3 Temporal-Difference (TD) Prediction

3.1 TD Prediction with TAB (Tabular)

With TAB TD, an update is made to the value of the Value Function every time we transition from a state $S t$ to state $S_{t + 1}$ with reward $R_{t + 1}$ .

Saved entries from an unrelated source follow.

lemma meval_word_shift_eval:
  assumes "m \<ge> 3"
  shows "meval_word m (even_eval m (\<lambda>i. [:a i, a i:])) w 1 2
    = sum_list (map (ykey_value (\<lambda>\<mu>. of_nat (size \<mu>)) a) (nf_keys d w))"
proof (cases "y_indices w")
  case None
  then show ?thesis
    by (simp add: meval_word_even_eval_eq_0 sum_ykey_value_eq_0)
next
  case (Some vs)
  then have "w = map Yv vs"
    by (rule y_indices_Some)
  then show ?thesis
    using assms coeff_prod_shift[of a vs]
    by (simp add: meval_word_even_eval_map_Yv nf_keys_map_Yv ykey_value_def even_mat_def
        mprod_mset)
qed

lemma meval_word_linear_eval_zword:
  fixes a b :: "nat \<Rightarrow> 'a::comm_ring_1"
  assumes m: "m \<ge> 2" and r: "r < d" "r + 1 < m"
  shows "meval_word m (linear_eval m a b j0) (Zv j # map Yv vs) 0 (r + 1)
    = sum_list (map (linear_key_value a b j0 r) (nf_keys d (Zv j # map Yv vs)))"
proof -
  define \<delta> :: 'a where "\<delta> = (if j = j0 then 1 else 0)"
  have m1: "m \<ge> 1"
    using m by simp
  have "meval_word m (linear_eval m a b j0) (map Yv vs)
      = even_mat m (prod_list (map (\<lambda>i. [:a i, b i:]) vs))"
    using m1 by (induction vs) (simp_all add: linear_eval_def midt_eq_even_mat mmul_even_even)
  then have "meval_word m (linear_eval m a b j0) (Zv j # map Yv vs)
      = odd_mat m ([:\<delta>:] * prod_list (map (\<lambda>i. [:a i, b i:]) vs))"
    by (simp add: linear_eval_def mmul_odd_even[OF m1] \<delta>_def)
  then have "meval_word m (linear_eval m a b j0) (Zv j # map Yv vs) 0 (r + 1)
      = \<delta> *
          (\<Sum>p\<leftarrow>filter (\<lambda>p. length (snd p) = r) (splits vs). prod_list (map a (fst p))
              * prod_list (map b (snd p)))"
    using r by (simp add: odd_mat_def coeff_prod_linear)
  also have "\<dots> = (\<Sum>p\<leftarrow>filter (\<lambda>p. length (snd p) < d) (splits vs).
      linear_key_value a b j0 r (Some j, mset (fst p), mset (snd p)))"
    using r
    by (cases "j = j0")
      (auto simp: sum_list_map_filter' \<delta>_def linear_key_value_def mprod_mset intro!:
          arg_cong[where f = sum_list])
  finally show ?thesis
    by (simp add: y_indices_map_Yv o_def)
qed
lemma short_lengths_even: "short_lengths (2 * k) = (\<lambda>j. 2 * j + 1) ` {..<k}"
proof (intro set_eqI iffI)
  fix L assume "L \<in> short_lengths (2 * k)"
  then have "L < 2 * k" "odd L" unfolding short_lengths_def by auto
  then show "L \<in> (\<lambda>j. 2 * j + 1) ` {..<k}" by (intro image_eqI[of _ _ "L div 2"]) auto
qed (auto simp: short_lengths_def)

lemma sum_short_lengths_odd: "(\<Sum>L\<in>short_lengths (2 * k + 1). L) = k * (k + 1)"
proof -
  have "(\<Sum>j=1..k. 2 * j) = k * (k + 1)" by (induction k) auto
  then show ?thesis unfolding short_lengths_odd by (simp add: sum.reindex inj_on_def)
qed

lemma sum_short_lengths_even: "(\<Sum>L\<in>short_lengths (2 * k). L) = k * k"
proof -
  have "(\<Sum>j<k. 2 * j + 1) = k * k" by (induction k) auto
  then show ?thesis unfolding short_lengths_even by (simp add: sum.reindex inj_on_def)
qed

lemma card_short_lengths_odd: "card (short_lengths (2 * k + 1)) = k"
  unfolding short_lengths_odd by (simp add: card_image inj_on_def)

lemma card_short_lengths_even: "card (short_lengths (2 * k)) = k"
  unfolding short_lengths_even by (simp add: card_image inj_on_def)

lemma card_reachable_odd:
  assumes "1 \<le> k"
  shows "card {w. reachable (2 * k + 1) w} = 2 * k ^ 3 + 5 * k ^ 2 + 2"
proof -
  obtain k' where k: "k = Suc k'" using assms by (cases k) auto
  have "card {w. reachable (2 * k + 1) w} = 2 + (2 * k - 1) * (2 * k + 1)
      + (2 * k - 1) * (\<Sum>L\<in>short_lengths (2 * k + 1). L) + card (short_lengths (2 * k + 1)) + 1"
    using assms card_reachable[of "2 * k + 1"] card_reachable_triples[of "2 * k + 1"]
    by (simp add: sum_distrib_left)
  also have "\<dots> = 2 + (2 * k - 1) * (2 * k + 1) + (2 * k - 1) * (k * (k + 1)) + k + 1"
    unfolding sum_short_lengths_odd card_short_lengths_odd ..
  also have "\<dots> = 2 * k ^ 3 + 5 * k ^ 2 + 2"
    by (simp add: k algebra_simps power2_eq_square power3_eq_cube)
  finally show ?thesis .
qed
lemma mult_q_inverse_q: "a * q * b * inverse q = a * b"
  using q_nonzero by simp

text \<open>These rules rewrite every q-Pochhammer symbol occurring in a \<open>\<Phi>\<close>-term into the atoms
  \<open>(a;q)\<^sub>n\<close>, \<open>(a;q)\<^sub>m\<close>, \<open>(p;q)\<^sub>n\<^sub>+\<^sub>m\<close> (\<open>a \<in> {z, w, p}\<close>) and \<open>1/(q;q)\<^sub>n\<close>, \<open>1/(q;q)\<^sub>m\<close>, times
  factors \<open>1 - a q\<^sup>k X\<close>, \<open>1 - a q\<^sup>k Y\<close>.\<close>

lemmas normalisation_rules = power_int_add[OF disjI1[OF q_nonzero]] qgeneric_products_neq_one
  qgeneric_mult_q[OF q_nonzero] z_generic w_generic p_generic qpoch_mult_q
  qpoch_add_one qpoch_add_two[OF q_nonzero] qpoch_diff_one[OF q_nonzero]
  inverse_qfact_diff_one[OF q_nonzero q_not_root_of_unity]
  inverse_qfact_diff_two[OF q_nonzero q_not_root_of_unity] mult_q_inverse_q

lemma bases_and_indices:
  "z/q * (w/q) * q = p" "z/q * q = z" "w/q * q = w" "z/q * w * q = p*q" "z*q * (w/q) * q = p*q*q"
  "z * (w*q) * q = p*q*q*q" "z * w * q = p*q*q" "n - 1 + m = n + m - 1" "n - 1 + (m - 1) = n + m - 2"
  using q_nonzero by (auto simp: p_eq field_simps)
lemma backward_confluent_quotient:
  assumes "backward_confluent M"
  shows "backward_confluent quotient_model"
  unfolding backward_confluent_def
proof (intro ballI impI)
  fix a b b' assume "a \<in> worlds quotient_model" "b \<in> worlds quotient_model"
    "b' \<in> worlds quotient_model" "sqq quotient_model a b" "leq quotient_model b b'"
  then obtain a' where "leq quotient_model a a'" "sqq quotient_model a' b'"
    using backward_confluent_sq_image[OF assms] by (metis quotient_model_simps(4))
  then show "\<exists>a'\<in>worlds quotient_model. leq quotient_model a a' \<and> sqq quotient_model a' b'"
    using model_leq_worlds[OF is_model_quotient] by blast
qed

lemma forward_confluent_sq_image:
  assumes "forward_confluent M"
  shows "sq_image\<^sup>*\<^sup>* a b \<Longrightarrow> a \<in> worlds quotient_model \<Longrightarrow> leq quotient_model a a' \<Longrightarrow>
    \<exists>b'. leq quotient_model b b' \<and> sqq quotient_model a' b'"
proof (induction arbitrary: a' rule: converse_rtranclp_induct)
  case base
  then have "sqq quotient_model a' a'"
    using model_leq_worlds[OF is_model_quotient] by (auto simp: quotient_model_simps(1,4))
  then show ?case
    using base(2) by blast
next
  case (step a c)
  obtain w v where wv: "w \<in> worlds M" "v \<in> worlds M" "d w = a" "d v = c" "sqq M w v"
    using step.hyps(1) unfolding sq_image_def by blast
  obtain w' where w': "w' \<in> worlds M" "leq M w w'" "d w' = a'"
    using leq_quotient_iff[OF wv(1)] step.prems(2) wv(3) by blast
  obtain v' where v': "v' \<in> worlds M" "leq M v v'" "sqq M w' v'"
    using assms wv w' unfolding forward_confluent_def by blast
  have "leq quotient_model c (d v')" "c \<in> worlds quotient_model"
    using leq_quotient_iff[OF wv(2)] v' wv by (auto simp: quotient_model_simps(1))
  then obtain b' where b': "leq quotient_model b b'" "sqq quotient_model (d v') b'"
    using step.IH by blast
  have "sq_image a' (d v')"
    unfolding sq_image_def using w' v' by blast
  then show ?case
    using b' w' by (auto simp: quotient_model_simps(1,4))
qed

lemma forward_confluent_quotient:
  assumes "forward_confluent M"
  shows "forward_confluent quotient_model"
  unfolding forward_confluent_def
proof (intro ballI impI)
  fix a a' b assume "a \<in> worlds quotient_model" "a' \<in> worlds quotient_model"
    "b \<in> worlds quotient_model" "leq quotient_model a a'" "sqq quotient_model a b"
  then obtain b' where "leq quotient_model b b'" "sqq quotient_model a' b'"
    using forward_confluent_sq_image[OF assms] by (metis quotient_model_simps(4))
  then show "\<exists>b'\<in>worlds quotient_model. leq quotient_model b b' \<and> sqq quotient_model a' b'"
    using model_leq_worlds[OF is_model_quotient] by blast
qed

lemma logic_model_quotient:
  assumes "logic_model L M" and "L \<noteq> S4I"
  shows "logic_model L quotient_model"
  using assms is_model_quotient infallible_quotient backward_confluent_quotient
    forward_confluent_quotient locally_linear_quotient
  by (cases L) simp_all
(* If $\dim({\cal H})<\infty$, then $\mathrm{Sig}(T)=0$ for every $J$-unitary $T$ on ${\cal K}$ (all of which are then essentially ${\mathbb S}^1$-gapped and ${\mathbb S}^1$-Fredholm).
   Context: ${\cal H}$ is a complex Hilbert space, ${\cal K}={\cal H}\oplus{\cal H}$, $J=\begin{pmatrix}{\bf 1}&0\\0&-{\bf 1}\end{pmatrix}$. A bounded invertible $T$ is $J$-unitary if $T^*JT=J$; it is essentially ${\mathbb S}^1$-gapped if it has only discrete spectrum (isolated eigenvalues of finite algebraic multiplicity) on the unit circle, and ${\mathbb S}^1$-Fredholm if $T-z{\bf 1}$ is Fredholm for all $|z|=1$. For essentially ${\mathbb S}^1$-gapped $T$, choose $h>0$ such that the closed annulus $\{e^{-h}\le|z|\le e^h\}$ contains only discrete spectrum of $T$ and none on its boundary; let ${\cal E}_=$ be the span of the generalized eigenspaces of the eigenvalues of $T$ in this annulus, $\Phi_=$ an isometry onto ${\cal E}_=$, and $\mathrm{Sig}(T)=\nu_+-\nu_-$ where $\nu_\pm$ are the numbers of positive/negative eigenvalues of $\Phi_=^*J\Phi_=$. *)

theory Defs
  imports "Jordan_Normal_Form.Jordan_Normal_Form" "Jordan_Normal_Form.Spectral_Radius"
begin

text \<open>H = complex^n (finite dimension n), K = H (+) H = complex^(2n), operators on K are
  complex (2n)x(2n) matrices; the first n coordinates are the first summand.\<close>

definition J_mat :: "nat \<Rightarrow> complex mat" where
  "J_mat n = mat (2*n) (2*n) (\<lambda>(i,j). if i = j then (if i < n then 1 else -1) else 0)"

definition J_unitary :: "nat \<Rightarrow> complex mat \<Rightarrow> bool" where
  "J_unitary n T \<longleftrightarrow> T \<in> carrier_mat (2*n) (2*n) \<and> invertible_mat T \<and>
     mat_adjoint T * J_mat n * T = J_mat n"

definition op_spectrum :: "complex mat \<Rightarrow> complex set" where
  "op_spectrum T = {z. \<not> invertible_mat (T - z \<cdot>\<^sub>m 1\<^sub>m (dim_row T))}"

definition gen_eigenspace :: "complex mat \<Rightarrow> complex \<Rightarrow> complex vec set" where
  "gen_eigenspace T z = {v \<in> carrier_vec (dim_row T).
      \<exists>k. ((T - z \<cdot>\<^sub>m 1\<^sub>m (dim_row T)) ^\<^sub>m k) *\<^sub>v v = 0\<^sub>v (dim_row T)}"

text \<open>Discrete spectrum: isolated point of the spectrum which is an eigenvalue of finite
  algebraic multiplicity (the generalized eigenspace is finite dimensional).\<close>
definition discrete_spectrum_point :: "complex mat \<Rightarrow> complex \<Rightarrow> bool" where
  "discrete_spectrum_point T z \<longleftrightarrow> z \<in> op_spectrum T \<and> eigenvalue T z \<and>
     (\<exists>e>0. \<forall>w \<in> op_spectrum T. cmod (w - z) < e \<longrightarrow> w = z) \<and>
     (\<exists>B. finite B \<and> B \<subseteq> gen_eigenspace T z \<and>
        gen_eigenspace T z \<subseteq> module.span class_ring (module_vec TYPE(complex) (dim_row T)) B)"

definition ess_S1_gapped :: "complex mat \<Rightarrow> bool" where
  "ess_S1_gapped T \<longleftrightarrow> (\<forall>z \<in> op_spectrum T. cmod z = 1 \<longrightarrow> discrete_spectrum_point T z)"

definition admissible_width :: "complex mat \<Rightarrow> real \<Rightarrow> bool" where
  "admissible_width T h \<longleftrightarrow> h > 0 \<and>
     (\<forall>z \<in> op_spectrum T. exp (-h) \<le> cmod z \<and> cmod z \<le> exp h \<longrightarrow> discrete_spectrum_point T z) \<and>
     (\<forall>z \<in> op_spectrum T. cmod z \<noteq> exp (-h) \<and> cmod z \<noteq> exp h)"

definition E_eq :: "complex mat \<Rightarrow> real \<Rightarrow> complex vec set" where
  "E_eq T h = module.span class_ring (module_vec TYPE(complex) (dim_row T))
     (\<Union> {gen_eigenspace T z | z. eigenvalue T z \<and> exp (-h) \<le> cmod z \<and> cmod z \<le> exp h})"

definition isometry_onto :: "complex mat \<Rightarrow> nat \<Rightarrow> nat \<Rightarrow> complex vec set \<Rightarrow> bool" where
  "isometry_onto Phi m k E \<longleftrightarrow> Phi \<in> carrier_mat m k \<and> mat_adjoint Phi * Phi = 1\<^sub>m k \<and>
     {Phi *\<^sub>v x | x. x \<in> carrier_vec k} = E"

definition nu_pos :: "complex mat \<Rightarrow> nat" where
  "nu_pos M = (\<Sum>a \<in> {a. poly (char_poly M) a = 0 \<and> a \<in> \<real> \<and> Re a > 0}. order a (char_poly M))"

definition nu_neg :: "complex mat \<Rightarrow> nat" where
  "nu_neg M = (\<Sum>a \<in> {a. poly (char_poly M) a = 0 \<and> a \<in> \<real> \<and> Re a < 0}. order a (char_poly M))"

text \<open>Sig(T) computed with a given admissible h and isometry Phi.\<close>
definition Sig_with :: "nat \<Rightarrow> complex mat \<Rightarrow> int" where
  "Sig_with n Phi = int (nu_pos (mat_adjoint Phi * J_mat n * Phi)) - int (nu_neg (mat_adjoint Phi * J_mat n * Phi))"

end

theory Submission
  imports Defs
begin

(* Let [x, y] = <J x, y>.  Generalized eigenvectors of the J-unitary T for eigenvalues z, w
   with z * cnj w \<noteq> 1 are J-orthogonal (Krein).  Hence the generalized eigenvectors with
   eigenvalues outside the annulus span two J-neutral subspaces E_> and E_<, both J-orthogonal to
   E_=, and [.,.] is nondegenerate on E_=.  The compression Phi* J Phi is self-adjoint and
   invertible, so E_= is spanned by a J-positive subspace P and a J-negative subspace Q.  Adding
   E_> or E_< to P or to Q yields J-semidefinite subspaces, each of dimension at most n:
   dim P + dim E_> \<le> n, dim P + dim E_< \<le> n, and likewise for Q.  Since
   dim P + dim Q = dim E_= = 2n - dim E_> - dim E_<, all four are equalities and dim P = dim Q. *)

section \<open>The complex inner product\<close>

lemma cscalar_prod_eq_sum:
  assumes "(y :: complex vec) \<in> carrier_vec N"
  shows "x \<bullet>c y = (\<Sum>i<N. x$i * cnj (y$i))"
  using assms by (auto simp: scalar_prod_def lessThan_atLeast0 intro!: sum.cong)

lemma mult_mat_vec_index_sum:
  assumes "A \<in> carrier_mat N M" "x \<in> carrier_vec M" "i < N"
  shows "(A *\<^sub>v x)$i = (\<Sum>j<M. A$$(i,j) * x$j)"
  using assms by (auto simp: scalar_prod_def lessThan_atLeast0 intro!: sum.cong)

lemma mult_mat_vec_zero: "A \<in> carrier_mat N M \<Longrightarrow> A *\<^sub>v 0\<^sub>v M = 0\<^sub>v N"
  by (intro eq_vecI) auto

lemma mult_mat_vec_unit_vec:
  assumes A: "(A :: complex mat) \<in> carrier_mat N M" and i: "i < M"
  shows "A *\<^sub>v unit_vec M i = col A i"
proof (intro eq_vecI)
  fix l assume "l < dim_vec (col A i)"
  then have l: "l < N" using A by auto
  have "(A *\<^sub>v unit_vec M i)$l = (\<Sum>j<M. A$$(l,j) * unit_vec M i $ j)"
    using mult_mat_vec_index_sum[OF A _ l] by simp
  also have "\<dots> = (\<Sum>j<M. if j = i then A$$(l,i) else 0)"
    by (intro sum.cong) (auto simp: unit_vec_def)
  finally show "(A *\<^sub>v unit_vec M i)$l = col A i $ l" using l A i by simp
qed (use A in auto)

lemma cscalar_prod_conjugate:
  assumes "(x :: complex vec) \<in> carrier_vec N" "y \<in> carrier_vec N"
  shows "cnj (x \<bullet>c y) = y \<bullet>c x"
  using assms by (simp add: cscalar_prod_eq_sum mult.commute)

lemma cscalar_prod_add_left:
  "(x :: complex vec) \<in> carrier_vec N \<Longrightarrow> y \<in> carrier_vec N \<Longrightarrow> z \<in> carrier_vec N \<Longrightarrow>
   (x + y) \<bullet>c z = x \<bullet>c z + y \<bullet>c z"
  by (auto simp: cscalar_prod_eq_sum sum.distrib algebra_simps intro: sum.cong)

lemma cscalar_prod_add_right:
  "(x :: complex vec) \<in> carrier_vec N \<Longrightarrow> y \<in> carrier_vec N \<Longrightarrow> z \<in> carrier_vec N \<Longrightarrow>
   z \<bullet>c (x + y) = z \<bullet>c x + z \<bullet>c y"
  using cscalar_prod_eq_sum[of "x + y" N z]
  by (auto simp: cscalar_prod_eq_sum sum.distrib algebra_simps intro: sum.cong)

lemma cscalar_prod_diff_left:
  "(x :: complex vec) \<in> carrier_vec N \<Longrightarrow> y \<in> carrier_vec N \<Longrightarrow> z \<in> carrier_vec N \<Longrightarrow>
   (x - y) \<bullet>c z = x \<bullet>c z - y \<bullet>c z"
  by (auto simp: cscalar_prod_eq_sum sum_subtractf algebra_simps intro: sum.cong)

lemma cscalar_prod_diff_right:
  "(x :: complex vec) \<in> carrier_vec N \<Longrightarrow> y \<in> carrier_vec N \<Longrightarrow> z \<in> carrier_vec N \<Longrightarrow>
   z \<bullet>c (x - y) = z \<bullet>c x - z \<bullet>c y"
  using cscalar_prod_eq_sum[of "x - y" N z]
  by (auto simp: cscalar_prod_eq_sum sum_subtractf algebra_simps intro: sum.cong)

lemma cscalar_prod_smult_left:
  "(x :: complex vec) \<in> carrier_vec N \<Longrightarrow> z \<in> carrier_vec N \<Longrightarrow> (a \<cdot>\<^sub>v x) \<bullet>c z = a * (x \<bullet>c z)"
  by (auto simp: cscalar_prod_eq_sum sum_distrib_left algebra_simps intro: sum.cong)

lemma cscalar_prod_smult_right:
  "(x :: complex vec) \<in> carrier_vec N \<Longrightarrow> z \<in> carrier_vec N \<Longrightarrow> z \<bullet>c (a \<cdot>\<^sub>v x) = cnj a * (z \<bullet>c x)"
  by (auto simp: cscalar_prod_eq_sum sum_distrib_left algebra_simps intro: sum.cong)

lemma mat_adjoint_carrier: "A \<in> carrier_mat N M \<Longrightarrow> mat_adjoint A \<in> carrier_mat M N"
  unfolding mat_adjoint_def by auto

lemma mat_adjoint_index:
  assumes "A \<in> carrier_mat N M" "i < M" "j < N"
  shows "mat_adjoint A $$ (i,j) = cnj (A$$(j,i))"
  using assms unfolding mat_adjoint_def by (auto simp: mat_of_rows_def)

lemma cscalar_prod_mat_adjoint:
  assumes A: "(A :: complex mat) \<in> carrier_mat N M" and x: "x \<in> carrier_vec M" and y: "y \<in> carrier_vec N"
  shows "(A *\<^sub>v x) \<bullet>c y = x \<bullet>c (mat_adjoint A *\<^sub>v y)"
proof -
  have "(A *\<^sub>v x) \<bullet>c y = (\<Sum>i<N. \<Sum>j<M. A$$(i,j) * x$j * cnj (y$i))"
    using A x y by (simp add: cscalar_prod_eq_sum mult_mat_vec_index_sum sum_distrib_right
        del: index_mult_mat_vec)
  also have "\<dots> = (\<Sum>j<M. \<Sum>i<N. A$$(i,j) * x$j * cnj (y$i))" by (rule sum.swap)
  also have "\<dots> = x \<bullet>c (mat_adjoint A *\<^sub>v y)"
    using A y mat_adjoint_carrier[OF A]
    by (auto simp: cscalar_prod_eq_sum[of "mat_adjoint A *\<^sub>v y" M] mult_mat_vec_index_sum mat_adjoint_index sum_distrib_left
        mult.commute mult.left_commute simp del: index_mult_mat_vec intro!: sum.cong)
  finally show ?thesis .
qed

lemma mult_mat_vec_cscalar_prod_left:
  assumes Y: "(Y :: complex mat) \<in> carrier_mat N m" and a: "a \<in> carrier_vec m" and x: "x \<in> carrier_vec N"
  shows "(Y *\<^sub>v a) \<bullet>c x = (\<Sum>j<m. a$j * (col Y j \<bullet>c x))"
proof -
  have "(Y *\<^sub>v a) \<bullet>c x = (\<Sum>i<N. \<Sum>j<m. Y$$(i,j) * a$j * cnj (x$i))"
    using Y a x by (simp add: cscalar_prod_eq_sum mult_mat_vec_index_sum sum_distrib_right
        del: index_mult_mat_vec)
  also have "\<dots> = (\<Sum>j<m. \<Sum>i<N. Y$$(i,j) * a$j * cnj (x$i))" by (rule sum.swap)
  also have "\<dots> = (\<Sum>j<m. a$j * (col Y j \<bullet>c x))"
    using Y x by (auto simp: cscalar_prod_eq_sum sum_distrib_left mult.commute mult.left_commute
        intro!: sum.cong)
  finally show ?thesis .
qed

lemma mult_mat_vec_cscalar_prod_right:
  assumes Y: "(Y :: complex mat) \<in> carrier_mat N m" and b: "b \<in> carrier_vec m" and x: "x \<in> carrier_vec N"
  shows "x \<bullet>c (Y *\<^sub>v b) = (\<Sum>j<m. cnj (b$j) * (x \<bullet>c col Y j))"
proof -
  have "x \<bullet>c (Y *\<^sub>v b) = cnj ((Y *\<^sub>v b) \<bullet>c x)"
    using Y b x cscalar_prod_conjugate[of "Y *\<^sub>v b" N x] by simp
  also have "\<dots> = (\<Sum>j<m. cnj (b$j) * (x \<bullet>c col Y j))"
    using Y x cscalar_prod_conjugate[of "col Y _" N x]
    by (auto simp: mult_mat_vec_cscalar_prod_left[OF Y b x] intro!: sum.cong)
  finally show ?thesis .
qed
lemma expected_lyapunov_bounded:
  obtains B where "0 \<le> B" "\<And>m. (\<integral>\<^sup>+w. ennreal (lyapunov (state m w)) \<partial>M) \<le> ennreal B"
proof -
  define Ly where "Ly m = (\<integral>\<^sup>+w. ennreal (lyapunov (state m w)) \<partial>M)" for m
  obtain a b where ab: "0 \<le> a" "0 \<le> b"
    and recurrence: "\<And>m. Ly (Suc m) \<le> ennreal (1 + a * (eps (Suc m))\<^sup>2) * Ly m + ennreal (b * (eps (Suc m))\<^sup>2)"
    unfolding Ly_def using expected_lyapunov_recurrence by blast
  have summable: "summable (\<lambda>m. r * (eps (Suc m))\<^sup>2)" for r
    using eps_sq summable_Suc_iff[of "\<lambda>n. (eps n)\<^sup>2"] by (intro summable_mult) simp
  define A Bs where "A = (\<Sum>i. a * (eps (Suc i))\<^sup>2)" and "Bs = (\<Sum>i. b * (eps (Suc i))\<^sup>2)"
  have "Ly m \<le> ennreal (exp A) * (Ly 0 + ennreal Bs)" for m
    unfolding A_def Bs_def using ab summable recurrence by (intro discrete_gronwall_ennreal_summable) auto
  moreover have "Ly 0 = ennreal (lyapunov (theta1, v0))"
    by (simp add: Ly_def emeasure_space_1)
  moreover have "0 \<le> Bs"
    using ab summable by (simp add: Bs_def suminf_nonneg)
  then have "ennreal (exp A) * (ennreal (lyapunov (theta1, v0)) + ennreal Bs)
      = ennreal (exp A * (lyapunov (theta1, v0) + Bs))"
    using lyapunov_nonneg by (simp add: ennreal_mult)
  moreover have "0 \<le> exp A * (lyapunov (theta1, v0) + Bs)"
    using \<open>0 \<le> Bs\<close> lyapunov_nonneg by simp
  ultimately show thesis
    unfolding Ly_def by (intro that) simp_all
qed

Let us consider again the Value Function update for MC (Monte-Carlo) Prediction in the TAB case:

$V (S_{t}) \leftarrow V (S_{t}) + α \cdot [G_{t} - V (S_{t})]$

To move from MC to TD we take advantage of the recursive structure of the Value Function in the MRP Bellman equation. We do this by forming an estimate for $G_{t}$ from $R_{t + 1}$ and $V (S_{t + 1})$ . This means the update for TAB TD Prediction is:

$V (S_{t}) \leftarrow V (S_{t}) + α \cdot [R_{t + 1} + γ \cdot V (S_{t + 1}) - V (S_{t})]$

where the

TD Target is $R_{t + 1} + γ \cdot V (S_{t + 1})$
TD Error is $δ_{t} = R_{t + 1} + γ \cdot V (S_{t + 1}) - V (S_{t})$

Practical advantages of TD: - it can be used with incomplete trace experiences when - experiment is disrupted - experiment is curtailed - it can be used with continuing trace experiences when a terminal state is never reached - it learns after each atomic experience, called continuous learning (unlike MC which only learns after a trace experience) - it can be used with any steam of atomic experiences regardless whether an atomic experience is part of a trace experience; atomic experiences can even be shuffled

3.2 TD Prediction with FAP (Function Approximation)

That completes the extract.